For years I looked at this verse as ‘oppressive’.  Really anything biblical pertaining to a woman and the ‘home’ I found oppressive. In our feministic culture I was under the belief that the traditional role of me being the ‘keeper of the home’ meant I had to be strapped to my wash machine. I thought it meant I was not allowed to have a life outside the front door and was to spend my life cooking and sweeping floors- two things I dread by the way.

However, my time as a ministry-mom has taught me something so freeing and spectacular.  My ‘role’ as a wife and mom is incredibly powerful! Traditional isn’t bad or wrong, nor does it look the way I thought.  Yes, there are those women who love to cook and clean and be at home.  I love those women. I wish I could be more like them, but I’m not. And because I was not like them I assumed something was wrong with me.

The last six years I have worked with children who do not have mothers.  Children whose mothers are never home.  I have worked with adults who never had a safe place to grow up and now suffer from emotional instability.  Have you noticed the increase in mental illness in our culture? Most of it is stemming from people’s childhood, and much from absent parents.

I do believe that there is a war on women in this country. Working and stay-at-home moms alike; and it’s not the war the media is telling you.  It is a war against our marriages, our children and our God given gifts.  Satan would love for nothing more than our families to be torn apart, and that is what is happening all around us- all for the sake of ‘freedom.’  Please realize how important you are in the small window you have as a mother to invest into your children.  You have the power to create an environment in your home that is loving, nurturing, and safe.  That alone is more powerful than any ministry career you can obtain.

I’m no expert, but here are a few suggestions on creating a loving environment your family will want to come home to.

TRADITIONS:  Traditions are easy and kids never forget them.  Our family does cinnamon rolls every Saturday.  My friend does hot chocolate for breakfast on the first snow of winter.  Picnics on the living room floor, family slumber parties, Black Friday shopping- the sky’s the limit here!

VACATIONS:  You need to be doing this.  Somewhere that you can remove yourself from church life and just be with your family.  If you need ideas on this click here or here.  I used to feel guilty spending money on a vacation, but they have brought our family so close together that I now plan trips guilt free.

BE AVAILABLE: Gifts and stuff will never replace the emotional attachment that comes from a mom who has made a sacrifice to be there for her children. I understand we cannot do everything, but our kids do come first.  It is so important to be there those first years of child rearing.  I am blessed enough to have a job that I can bring my kids to if needed and most projects get to include my kids.  But I know not all have this.  Go to the games, be willing to stay up late when they have questions, do bedtime devotions and prayers, snuggle.  Just be there. If this means sacrificing parts of your career, so be it.  Do we trust God enough to pave the way for us when our kids are older?
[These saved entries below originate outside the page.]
(* In the hardware model described in the context, and for a program obeying the well-behavedness rules below, suppose a thread $T_i$ tags a node $n$ at time $t_t$ while $n$ is reachable in its data structure. If some thread $T_j$ frees $n$ at a time $t_f$ with $t_t < t_f$, then any conditional access to $n$ by $T_i$ at a time $t_d > t_f$ (with no re-tagging of $n$ by $T_i$ in between) fails. In particular, a conditional access never succeeds on a node that has been freed since it was tagged.
   Context: Model: threads operate on a shared memory organized into nodes, with a cache-coherence mechanism (e.g. MSI/MESI). Each thread maintains a set of tagged locations. Conditional-access instructions cread (read) and cwrite (write) satisfy: (P1) a conditional access atomically tags the accessed node on its first access by the thread and then conditionally performs the read/write; (P2) a conditional access succeeds only if none of the thread's tagged locations has been invalidated since it was tagged (on failure all tags are removed and the operation restarts); (P3) when a location is written, all cached copies at other threads are invalidated, thereby invalidating any tags on it held by other threads; (P4) conditional accesses may fail spuriously but never succeed spuriously. Well-behavedness: all shared-memory reads and writes of data-structure operations use cread/cwrite; reclaimer rule: a thread frees a node only after unlinking it and then writing to (marking) it; only one thread may free a given node.
   Formalization: The freeing thread $T_j$ differs from $T_i$, the reclaimer rule also keeps n unreachable from its unlinking until it is freed, and no re-tagging means n stays tagged by $T_i$ at every time after $t_t$ up to $t_d$. Each condition added here is assumed in the paper as well or is needed for the statement above to hold. *)

theory Defs
  imports Main
begin

text \<open>Threads have type 't, shared-memory nodes have type 'n.  Time is discrete:
  event number k of a trace happens at time k, and the state before that
  event is the state at time k.

  Well-behavedness (all data-structure reads and writes use cread/cwrite) is
  built in: the only memory accesses available are conditional ones.  The
  result of a conditional access is recorded in the event (True = success);
  spurious failures are always allowed, successes are constrained by
  legality (P2, P4).\<close>

datatype ('t, 'n) event =
    CRead 't 'n bool            \<comment> \<open>thread, accessed node, success?\<close>
  | CWrite 't 'n "'n set" bool  \<comment> \<open>thread, written node, set of reachable nodes
                                   after the write (if it succeeds), success?\<close>
  | Free 't 'n
  | UntagAll 't

record ('t, 'n) mstate =
  tags :: "'t \<Rightarrow> 'n set"
  invd :: "'t \<Rightarrow> bool"       \<comment> \<open>some tagged location invalidated since it was tagged\<close>
  reach :: "'n set"
  freed :: "'n set"

text \<open>Effect of a conditional access by thread t on node n with outcome ok:
  (P1) the node is tagged, then the access is performed; (P2) on failure all
  tags of t are removed.\<close>
definition cond_access :: "('t, 'n) mstate \<Rightarrow> 't \<Rightarrow> 'n \<Rightarrow> bool \<Rightarrow> ('t, 'n) mstate" where
  "cond_access s t n ok =
     (if ok then s\<lparr>tags := (tags s)(t := insert n (tags s t))\<rparr>
      else s\<lparr>tags := (tags s)(t := {}), invd := (invd s)(t := False)\<rparr>)"

text \<open>(P3) a successful write to node m invalidates the cached copies of m at
  all other threads, thereby invalidating their tags on m.\<close>
definition invalidate_others :: "('t, 'n) mstate \<Rightarrow> 't \<Rightarrow> 'n \<Rightarrow> ('t, 'n) mstate" where
  "invalidate_others s t m =
     s\<lparr>invd := (\<lambda>u. invd s u \<or> (u \<noteq> t \<and> m \<in> tags s u))\<rparr>"

fun step :: "('t, 'n) mstate \<Rightarrow> ('t, 'n) event \<Rightarrow> ('t, 'n) mstate" where
  "step s (CRead t n ok) = cond_access s t n ok"
| "step s (CWrite t m R ok) =
     (if ok then (cond_access (invalidate_others s t m) t m True)\<lparr>reach := R\<rparr>
      else cond_access s t m False)"
| "step s (Free t n) = s\<lparr>freed := insert n (freed s)\<rparr>"
| "step s (UntagAll t) = s\<lparr>tags := (tags s)(t := {}), invd := (invd s)(t := False)\<rparr>"

text \<open>(P2)/(P4): a conditional access may succeed only if none of the thread's
  tagged locations has been invalidated; failures are always possible.\<close>
fun legal :: "('t, 'n) mstate \<Rightarrow> ('t, 'n) event \<Rightarrow> bool" where
  "legal s (CRead t n ok) = (ok \<longrightarrow> \<not> invd s t)"
| "legal s (CWrite t m R ok) = (ok \<longrightarrow> \<not> invd s t)"
| "legal s (Free t n) = True"
| "legal s (UntagAll t) = True"

fun run :: "('t, 'n) mstate \<Rightarrow> (nat \<Rightarrow> ('t, 'n) event) \<Rightarrow> nat \<Rightarrow> ('t, 'n) mstate" where
  "run s0 tr 0 = s0"
| "run s0 tr (Suc k) = step (run s0 tr k) (tr k)"

definition valid_exec :: "('t, 'n) mstate \<Rightarrow> (nat \<Rightarrow> ('t, 'n) event) \<Rightarrow> bool" where
  "valid_exec s0 tr \<longleftrightarrow> (\<forall>k. legal (run s0 tr k) (tr k))"

definition unlinks_at :: "('t, 'n) mstate \<Rightarrow> (nat \<Rightarrow> ('t, 'n) event) \<Rightarrow> nat \<Rightarrow> 't \<Rightarrow> 'n \<Rightarrow> bool" where
  "unlinks_at s0 tr u j n \<longleftrightarrow>
     (\<exists>m R. tr u = CWrite j m R True) \<and> n \<in> reach (run s0 tr u) \<and> n \<notin> reach (run s0 tr (Suc u))"

text \<open>Reclaimer rule: a thread frees a node only after unlinking it and then
  writing to (marking) it (the node stays unlinked from the unlink to the
  free); only one thread frees a given node (and only once).\<close>
definition reclaimer_ok :: "('t, 'n) mstate \<Rightarrow> (nat \<Rightarrow> ('t, 'n) event) \<Rightarrow> bool" where
  "reclaimer_ok s0 tr \<longleftrightarrow>
     (\<forall>k j n. tr k = Free j n \<longrightarrow>
        (\<exists>u w. u < w \<and> w < k \<and> unlinks_at s0 tr u j n \<and>
               (\<forall>k'. u < k' \<and> k' \<le> k \<longrightarrow> n \<notin> reach (run s0 tr k')) \<and>
               (\<exists>R. tr w = CWrite j n R True)) \<and>
        (\<forall>k' j'. tr k' = Free j' n \<longrightarrow> k' = k \<and> j' = j))"

definition tags_at :: "('t, 'n) mstate \<Rightarrow> (nat \<Rightarrow> ('t, 'n) event) \<Rightarrow> nat \<Rightarrow> 't \<Rightarrow> 'n \<Rightarrow> bool" where
  "tags_at s0 tr t i n \<longleftrightarrow>
     n \<notin> tags (run s0 tr t) i \<and> n \<in> tags (run s0 tr (Suc t)) i"

fun cond_access_to :: "('t, 'n) event \<Rightarrow> 't \<Rightarrow> 'n \<Rightarrow> bool" where
  "cond_access_to (CRead t m ok) i n = (t = i \<and> m = n)"
| "cond_access_to (CWrite t m R ok) i n = (t = i \<and> m = n)"
| "cond_access_to _ i n = False"

fun succeeds :: "('t, 'n) event \<Rightarrow> bool" where
  "succeeds (CRead t m ok) = ok"
| "succeeds (CWrite t m R ok) = ok"
| "succeeds _ = False"

end

theory Submission
  imports Defs
begin

text \<open>Before freeing n, the reclaimer must write to it. That write happens after T_i tagged n
  (n is still reachable at tagging time, and unreachable from the unlink onwards), so by (P3) it
  invalidates T_i's tag. The invalidation persists as long as T_i keeps n tagged, and then (P2)
  forbids every later conditional access of T_i from succeeding.\<close>

lemma step_keeps_invd:
  assumes "invd s i" and "n \<in> tags (step s e) i"
  shows "invd (step s e) i"
  using assms
  by (cases e) (auto simp: cond_access_def invalidate_others_def split: if_splits)

lemma successful_write_invalidates_others:
  assumes "n \<in> tags s i" and "i \<noteq> j"
  shows "invd (step s (CWrite j n R True)) i"
  using assms by (simp add: cond_access_def invalidate_others_def)

lemma run_keeps_invd:
  assumes "invd (run s0 tr a) i" and "a \<le> b"
    and "\<forall>k. a < k \<and> k \<le> b \<longrightarrow> n \<in> tags (run s0 tr k) i"
  shows "invd (run s0 tr b) i"
  using \<open>a \<le> b\<close> assms(3)
proof (induction b rule: dec_induct)
  case base
  show ?case using assms(1) .
next
  case (step k)
  have "invd (run s0 tr k) i"
    using step.IH step.prems by simp
  moreover have "n \<in> tags (run s0 tr (Suc k)) i"
    using step.prems step.hyps by (simp del: run.simps)
  ultimately show ?case by (simp add: step_keeps_invd)
qed

lemma legal_access_of_invalidated_thread_fails:
  assumes "invd s i" and "legal s e" and "cond_access_to e i n"
  shows "\<not> succeeds e"
  using assms by (cases e) auto

lemma free_preceded_by_marking_write:
  assumes "reclaimer_ok s0 tr" and "tr k = Free j n"
    and "n \<in> reach (run s0 tr t)" and "t < k"
  obtains w R where "t < w" and "w < k" and "tr w = CWrite j n R True"
proof -
  from assms(1,2) obtain u w where
    "u < w" "w < k" and unreachable: "\<forall>k'. u < k' \<and> k' \<le> k \<longrightarrow> n \<notin> reach (run s0 tr k')"
    and "\<exists>R. tr w = CWrite j n R True"
    unfolding reclaimer_ok_def by meson
  moreover have "t \<le> u"
    using unreachable assms(3,4) by (meson not_le less_imp_le_nat)
  ultimately show thesis using that by fastforce
qed

theorem theorem1:
  fixes s0 :: "('t, 'n) mstate" and tr :: "nat \<Rightarrow> ('t, 'n) event"
    and i j :: 't and n :: 'n and t_t t_f t_d :: nat
  assumes "valid_exec s0 tr"
    and "reclaimer_ok s0 tr"
    and "tags_at s0 tr t_t i n"
    and "n \<in> reach (run s0 tr t_t)"
    and "tr t_f = Free j n"
    and "j \<noteq> i"
    and "t_t < t_f" and "t_f < t_d"
    and "\<forall>k. t_t < k \<and> k \<le> t_d \<longrightarrow> n \<in> tags (run s0 tr k) i"
    and "cond_access_to (tr t_d) i n"
  shows "\<not> succeeds (tr t_d)"
proof -
  obtain w R where "t_t < w" "w < t_f" and mark: "tr w = CWrite j n R True"
    using assms(2,5,4,7) by (rule free_preceded_by_marking_write)
  with assms(8,9) have "n \<in> tags (run s0 tr w) i" by simp
  then have invd_after_mark: "invd (run s0 tr (Suc w)) i"
    using successful_write_invalidates_others assms(6)[symmetric] by (simp only: run.simps mark)
  have still_tagged: "\<forall>k. Suc w < k \<and> k \<le> t_d \<longrightarrow> n \<in> tags (run s0 tr k) i"
    using assms(9) \<open>t_t < w\<close> by simp
  have "Suc w \<le> t_d"
    using \<open>w < t_f\<close> \<open>t_f < t_d\<close> by simp
  from invd_after_mark this still_tagged have "invd (run s0 tr t_d) i"
    by (rule run_keeps_invd)
  moreover have "legal (run s0 tr t_d) (tr t_d)"
    using assms(1) unfolding valid_exec_def ..
  ultimately show ?thesis
    using assms(10) by (rule legal_access_of_invalidated_thread_fails)
qed

end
WORDS:  Words that build up your family, not tear them down.  Words that say, “Please forgive me,” as well as forgiving their mess ups.  Words that speak highly of your husband in front of the whole family.  Words that bring laughter and mend broken hearts.

 

Notice none of these suggestions to be the ‘keeper of your home’ called you to be a slave.  It just means that our home is a place the family wants to be.  It’s a place that is fun and safe.  It is a place where my kids can come and ask my husband and I anything and know they will get straight answers and not be shamed.   What a POWERFUL gift to give children growing up!  If all this means I have to sacrifice parts of a career in order to have future, healthy adults, so be it.

 

PRAY WITH ME SISTERS

“Lord, thank you for the gift of being the keeper of my home.  I thank you that it doesn’t mean that I have to be ‘trapped’ in it.  Thank you that you have given me a life outside of it, but I’m thankful for the superpower of creating a home that will raise future, healthy adults. Show me how I can best do this and to glorify you in the process.  In Jesus Name, AMEN.”